Белокурому атлету, Карлу фон Гетцу, тридцать четыре года, у него обаятельная улыбка, мелькающая
— Я полагал, что вы в Константинополе, господин капитан…
— Только что прибыл оттуда. Буду замещать майора Винтерфельда, — знаете, нашего атташе, пострадавшего при автомобильной катастрофе под Монтобаном? Ездил выразить ему сочувствие от лица нашего посла. Перелом позвоночника. Винтерфельд выкрутится, но пролежит по меньшей мере полгода. И перевезти его оттуда нельзя.
Господин Вернер пробормотал что-то глубоко сочувственное. Посетитель прервал его:
— Прошу извинить, у меня очень мало времени, а я должен сделать вам одно сообщение. Вот в чём дело: для нас чрезвычайно важно знать, чего ищет в Париже турецкий дипломат, весьма тонкий человек, которого я знал в Константинополе, — Джевид Бей. Он уже побывал на Кэ д’Орсей, у Пишона. Вероятно, по поводу займа, который желает получить Высокая Порта… Нам это не нравится. Вы поняли?
— Да. Но чем я могу?..
— Вы, говорят, знаете автомобильного магната Виснера. Так вот, Джевид Бей в ближайшее время посетит заводы Виснера…
— Насчёт заказов?
— Или из любознательности. В Германии делают прекрасные автомобили. Но если Франция даст кредит… Словом, нам нужно получить сведения. Если заключат сделку: каковы её масштабы, сроки поставок, способ уплаты… Вы запомнили? Ах да, вам следует знать, что во Франции нынешний кабинет министров категорически против предоставления займов за границу… Он не хочет увеличивать государственный долг Франции… И он прав. Но может быть, вашему другу Виснеру это неизвестно… Заводы Виснера выполняют заказы военного министерства. Это ещё не причина, чтобы мы в некоторых случаях не вели с Виснером дела. Но мы считаем, что лучше Виснеру не заключать договоров с Джевид Беем. С Германией ему будет выгоднее работать, чем с Турцией…

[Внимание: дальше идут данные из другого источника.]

lemma sigma_A0: "sigma c A0 = A0"
  and sigma_A1: "sigma c A1 = A1 + cK c * A0"
  and sigma_A2: "sigma c A2 = A2 + 2 * cK c * A1 + cK c ^ 2 * A0"
proof -
  have "to_fract (const3 c ^ 2) = cK c ^ 2" by (simp add: power2_eq_square to_fract_const3)
  then show "sigma c A0 = A0" "sigma c A1 = A1 + cK c * A0"
    "sigma c A2 = A2 + 2 * cK c * A1 + cK c ^ 2 * A0"
    using sigma_to_fract[of c var0] sigma_to_fract[of c var1] sigma_to_fract[of c var2]
    by (simp_all add: sigma_poly_var0 sigma_poly_var1 sigma_poly_var2 to_fract_vars to_fract_const3
        to_fract_hom.hom_numeral)
qed

lemma sigma_sigma: "sigma d (sigma c x) = sigma (c + d) x"
proof -
  obtain a b where "x = Fract a b" "b \<noteq> 0" by (cases x)
  then show ?thesis by (simp add: sigma_Fract sigma_poly_eq_0_iff sigma_poly_sigma_poly)
qed

lemma sigma_0: "sigma 0 x = x"
proof -
  obtain a b where "x = Fract a b" "b \<noteq> 0" by (cases x)
  then show ?thesis by (simp add: sigma_Fract sigma_poly_0)
qed

lemma sigma_eval3: "sigma c (eval3 f x y z) = eval3 f (sigma c x) (sigma c y) (sigma c z)"
proof -
  have "sigma c \<circ> cK = cK" by (simp add: fun_eq_iff sigma_cK)
  then show ?thesis
    by (simp add: eval3_eq_eval3_via hom_eval3_via[OF sigma.comm_ring_hom_axioms cK.comm_ring_hom_axioms])
qed

lemma Fq_add_closed:
  fixes c d :: "'a::field"
  assumes "prime CHAR('a)" and "q = CHAR('a) ^ n" and "c \<in> Fq q" and "d \<in> Fq q"
  shows "c + d \<in> Fq q"
  using assms freshmans_dream'[OF assms(1,2)] by (simp add: Fq_def)

lemma bij_betw_add_Fq:
  fixes d :: "'a::field"
  assumes "finite (Fq q :: 'a set)" and "\<And>c. c \<in> Fq q \<Longrightarrow> c + d \<in> Fq q"
  shows "bij_betw (\<lambda>c. c + d) (Fq q) (Fq q)"
proof -
  have inj: "inj_on (\<lambda>c. c + d) (Fq q)" by (rule inj_onI) simp
  have "(\<lambda>c. c + d) ` Fq q = Fq q"
    by (rule endo_inj_surj) (use assms inj in auto)
  with inj show ?thesis by (simp add: bij_betw_def)
qed

lemma sigma_Delta: "sigma c Delta = Delta"
  by (simp add: Delta_def hom_distribs sigma_A0 sigma_A1 sigma_A2)
    (simp add: algebra_simps power2_eq_square)

definition orbit_prod :: "nat \<Rightarrow> 'a::field ratfun3 \<Rightarrow> 'a ratfun3" where
  "orbit_prod q x = (\<Prod>c\<in>Fq q. sigma c x)"

lemma sigma_orbit_prod:
  fixes d :: "'a::field"
  assumes "finite (Fq q :: 'a set)" and "\<And>c. c \<in> Fq q \<Longrightarrow> c + d \<in> Fq q"
  shows "sigma d (orbit_prod q x) = orbit_prod q x"
  using prod.reindex_bij_betw[OF bij_betw_add_Fq[OF assms], of "\<lambda>c. sigma c x"]
  by (simp add: orbit_prod_def sigma.hom_prod sigma_sigma)

lemma beta_eq_orbit_prod: "beta q = orbit_prod q A1"
  by (simp add: beta_def orbit_prod_def sigma_A1)

lemma comm_ring_hom_eval3: "comm_ring_hom (\<lambda>f. eval3 f x y z)"
  unfolding eval3_eq_eval3_via by (rule comm_ring_hom_eval3_via[OF cK.comm_ring_hom_axioms])

interpretation eval3: comm_ring_hom "\<lambda>f. eval3 f x y z" for x y z
  by (rule comm_ring_hom_eval3)

lemma eval3_const3: "eval3 (const3 a) x y z = cK a"
  and eval3_var0: "eval3 var0 x y z = x"
  and eval3_var1: "eval3 var1 x y z = y"
  and eval3_var2: "eval3 var2 x y z = z"
  unfolding eval3_eq_eval3_via const3_def var0_def var1_def var2_def
  by (simp_all only: cK.comm_ring_hom_axioms eval3_via_const eval3_via_var0 eval3_via_var1 eval3_via_var2)

lemma gen_field_iff:
  "r \<in> gen_field x y z \<longleftrightarrow> (\<exists>f g. r = eval3 f x y z / eval3 g x y z \<and> eval3 g x y z \<noteq> 0)"
  unfolding gen_field_def by blast

lemma eval3_in_gen_field: "eval3 f x y z \<in> gen_field x y z"
  unfolding gen_field_iff by (rule exI[of _ f], rule exI[of _ 1]) simp

lemma gen_field_cK: "cK a \<in> gen_field x y z"
  and gen_field_generators: "x \<in> gen_field x y z" "y \<in> gen_field x y z" "z \<in> gen_field x y z"
  using eval3_in_gen_field[of "const3 a"] eval3_in_gen_field[of var0] eval3_in_gen_field[of var1]
    eval3_in_gen_field[of var2]
  by (simp_all add: eval3_const3 eval3_var0 eval3_var1 eval3_var2)

lemma gen_field_0: "0 \<in> gen_field x y z" and gen_field_1: "1 \<in> gen_field x y z"
  using gen_field_cK[of 0] gen_field_cK[of 1] by simp_all

lemma gen_field_add:
  assumes "r \<in> gen_field x y z" and "s \<in> gen_field x y z"
  shows "r + s \<in> gen_field x y z"
proof -
  obtain f g where r: "r = eval3 f x y z / eval3 g x y z" "eval3 g x y z \<noteq> 0"
    using assms(1) gen_field_iff by blast
  obtain f' g' where s: "s = eval3 f' x y z / eval3 g' x y z" "eval3 g' x y z \<noteq> 0"
    using assms(2) gen_field_iff by blast
  have "r + s = eval3 (f * g' + f' * g) x y z / eval3 (g * g') x y z"
    using r s by (simp add: hom_distribs add_frac_eq)
  moreover have "eval3 (g * g') x y z \<noteq> 0" using r s by (simp add: hom_distribs)
  ultimately show ?thesis unfolding gen_field_iff by blast
qed

lemma gen_field_mult:
  assumes "r \<in> gen_field x y z" and "s \<in> gen_field x y z"
  shows "r * s \<in> gen_field x y z"
proof -
  obtain f g where r: "r = eval3 f x y z / eval3 g x y z" "eval3 g x y z \<noteq> 0"
    using assms(1) gen_field_iff by blast
  obtain f' g' where s: "s = eval3 f' x y z / eval3 g' x y z" "eval3 g' x y z \<noteq> 0"
    using assms(2) gen_field_iff by blast
  have "r * s = eval3 (f * f') x y z / eval3 (g * g') x y z"
    using r s by (simp add: hom_distribs)
  moreover have "eval3 (g * g') x y z \<noteq> 0" using r s by (simp add: hom_distribs)
  ultimately show ?thesis unfolding gen_field_iff by blast
qed

lemma gen_field_inverse:
  assumes "r \<in> gen_field x y z"
  shows "inverse r \<in> gen_field x y z"
proof -
  obtain f g where r: "r = eval3 f x y z / eval3 g x y z" "eval3 g x y z \<noteq> 0"
    using assms gen_field_iff by blast
  show ?thesis
  proof (cases "eval3 f x y z = 0")
    case True
    then show ?thesis using r gen_field_0 by simp
  next
    case False
    then have "inverse r = eval3 g x y z / eval3 f x y z" using r by simp
    with False show ?thesis unfolding gen_field_iff by blast
  qed
qed

lemma gen_field_uminus: "r \<in> gen_field x y z \<Longrightarrow> - r \<in> gen_field x y z"
  using gen_field_mult[OF gen_field_cK[of "- 1"]] by (simp add: hom_distribs)

lemma gen_field_diff: "r \<in> gen_field x y z \<Longrightarrow> s \<in> gen_field x y z \<Longrightarrow> r - s \<in> gen_field x y z"
  using gen_field_add[of r x y z "- s"] gen_field_uminus[of s] by simp

lemma gen_field_divide: "r \<in> gen_field x y z \<Longrightarrow> s \<in> gen_field x y z \<Longrightarrow> r / s \<in> gen_field x y z"
  by (simp add: divide_inverse gen_field_mult gen_field_inverse)

lemma gen_field_power: "r \<in> gen_field x y z \<Longrightarrow> r ^ n \<in> gen_field x y z"
  by (induction n) (simp_all add: gen_field_1 gen_field_mult)

lemma prod_Fq_linear_factors:
  assumes card: "card (Fq q :: 'a::field set) = q" and "2 \<le> q" and "odd q"
  shows "(\<Prod>c\<in>Fq q. [:c, 1:]) = monom 1 q - [:0, 1 :: 'a:]"
proof (rule poly_eqI_degree_lead_coeff[of _ q _ "uminus ` Fq q"])
  have fin: "finite (Fq q :: 'a set)" using card \<open>2 \<le> q\<close> by (intro card_ge_0_finite) simp
  have deg: "degree (\<Prod>c\<in>Fq q. [:c, 1 :: 'a:]) = q"
    using fin by (subst degree_prod_eq_sum_degree) (simp_all add: card)
  then show "degree (\<Prod>c\<in>Fq q. [:c, 1 :: 'a:]) \<le> q" by simp
  have "coeff (\<Prod>c\<in>Fq q. [:c, 1 :: 'a:]) q = 1"
    using deg lead_coeff_prod[of "\<lambda>c. [:c, 1 :: 'a:]" "Fq q"] by simp
  moreover have "coeff [:0, 1 :: 'a:] q = 0" using \<open>2 \<le> q\<close> by (simp add: coeff_pCons split: nat.split)
  ultimately show "coeff (\<Prod>c\<in>Fq q. [:c, 1:]) q = coeff (monom 1 q - [:0, 1 :: 'a:]) q" by simp
  show "degree (monom 1 q - [:0, 1 :: 'a:]) \<le> q"
    using \<open>2 \<le> q\<close> degree_diff_le_max[of "monom (1::'a) q" "[:0, 1:]"] by (simp add: degree_monom_eq)
  show "q \<le> card (uminus ` Fq q :: 'a set)"
    by (simp add: card_image card)
  fix z :: 'a assume "z \<in> uminus ` Fq q"
  then obtain e where e: "e \<in> Fq q" "z = - e" by blast
  have "poly (\<Prod>c\<in>Fq q. [:c, 1:]) z = 0"
    using e fin by (simp add: poly_prod prod_zero_iff)
  moreover have "(- e) ^ q = - e" using e \<open>odd q\<close> by (simp add: Fq_def)
  then have "poly (monom 1 q - [:0, 1:]) z = 0" using e by (simp add: poly_monom)
  ultimately show "poly (\<Prod>c\<in>Fq q. [:c, 1:]) z = poly (monom 1 q - [:0, 1:]) z" by simp
qed

lemma A0_nonzero: "A0 \<noteq> 0"
  by (simp add: A0_def flip: to_fract_def)

lemma beta_closed_form:
  assumes "card (Fq q :: 'a::field set) = q" and "2 \<le> q" and "odd q"
  shows "(beta q :: 'a ratfun3) = A1 ^ q - A0 ^ (q - 1) * A1"
proof -
  interpret cK_poly: map_poly_comm_ring_hom cK ..
  let ?t = "A1 / A0 :: 'a ratfun3"
  have "beta q = (\<Prod>c\<in>Fq q. A0 * poly [:cK c, 1:] ?t)"
    unfolding beta_def using A0_nonzero[where 'a='a] by (intro prod.cong) (simp_all add: field_simps)
  also have "\<dots> = A0 ^ q * (\<Prod>c\<in>Fq q. poly [:cK c, 1:] ?t)"
    by (simp only: prod.distrib prod_constant assms(1))
  also have "\<dots> = A0 ^ q * poly (map_poly cK (\<Prod>c\<in>Fq q. [:c, 1:])) ?t"
    by (simp add: poly_prod hom_distribs)
  also have "\<dots> = A0 ^ q * (?t ^ q - ?t)"
    unfolding prod_Fq_linear_factors[OF assms] by (simp add: hom_distribs poly_monom)
  also have "\<dots> = A1 ^ q - A0 ^ (q - 1) * A1"
    using A0_nonzero[where 'a='a] \<open>2 \<le> q\<close> by (cases q) (simp_all add: power_divide field_simps)
  finally show ?thesis .
qed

Капитан фон Гетц играл своими кожаными рыжими перчатками, совсем ещё новыми и такими плоскими, как будто он ни разу не надевал их. Вдруг взгляд его, насмешливо озиравший в полумраке приют галантных похождений Вернера, заметил стул, который стоял в углу. На стуле лежала женская шляпа, широкополая соломенная шляпа с пышной отделкой из тюля золотистого цвета. Лицо капитана сразу вытянулось.
— Простите, — сказал он, — вы, оказывается, не один.
— Вы меня об этом не спросили.
— Да… но… нас могли слышать?
И он недовольно поглядел на две двери, имевшиеся в комнате.
— Не думаю…
— Дело серьёзное, Вернер. Мало что вы «не думаете». Кто у вас там?
Он понизил голос и явно был весьма раздосадован. Вот, право, болван этот Вернер!
Вернер почувствовал, что капитан недоволен, и, замявшись, сказал с улыбкой.
— Там особа, на которую вы можете положиться.
— Ну, это ваше личное мнение. Почему я должен вам верить?
Вернер похохатывал, упиваясь своей тайной. Преисполненный тщеславия и горячего желания выслужиться,
он направился к той двери, которая была в глубине комнаты, и отворил её.— Пожалуйте сюда, дорогая… Выходите…
Дама, очевидно, совсем не горела желанием показаться. Настойчиво повторяя приглашение, Вернер прошёл в соседнюю комнату, там послышалось сердитое перешёптывание и, наконец, в дверях показалась женщина. На ней была блузка из белого пике и светло-коричневая юбка. Капитан фон Гетц окинул её взглядом. Эльвира! Он стиснул зубы.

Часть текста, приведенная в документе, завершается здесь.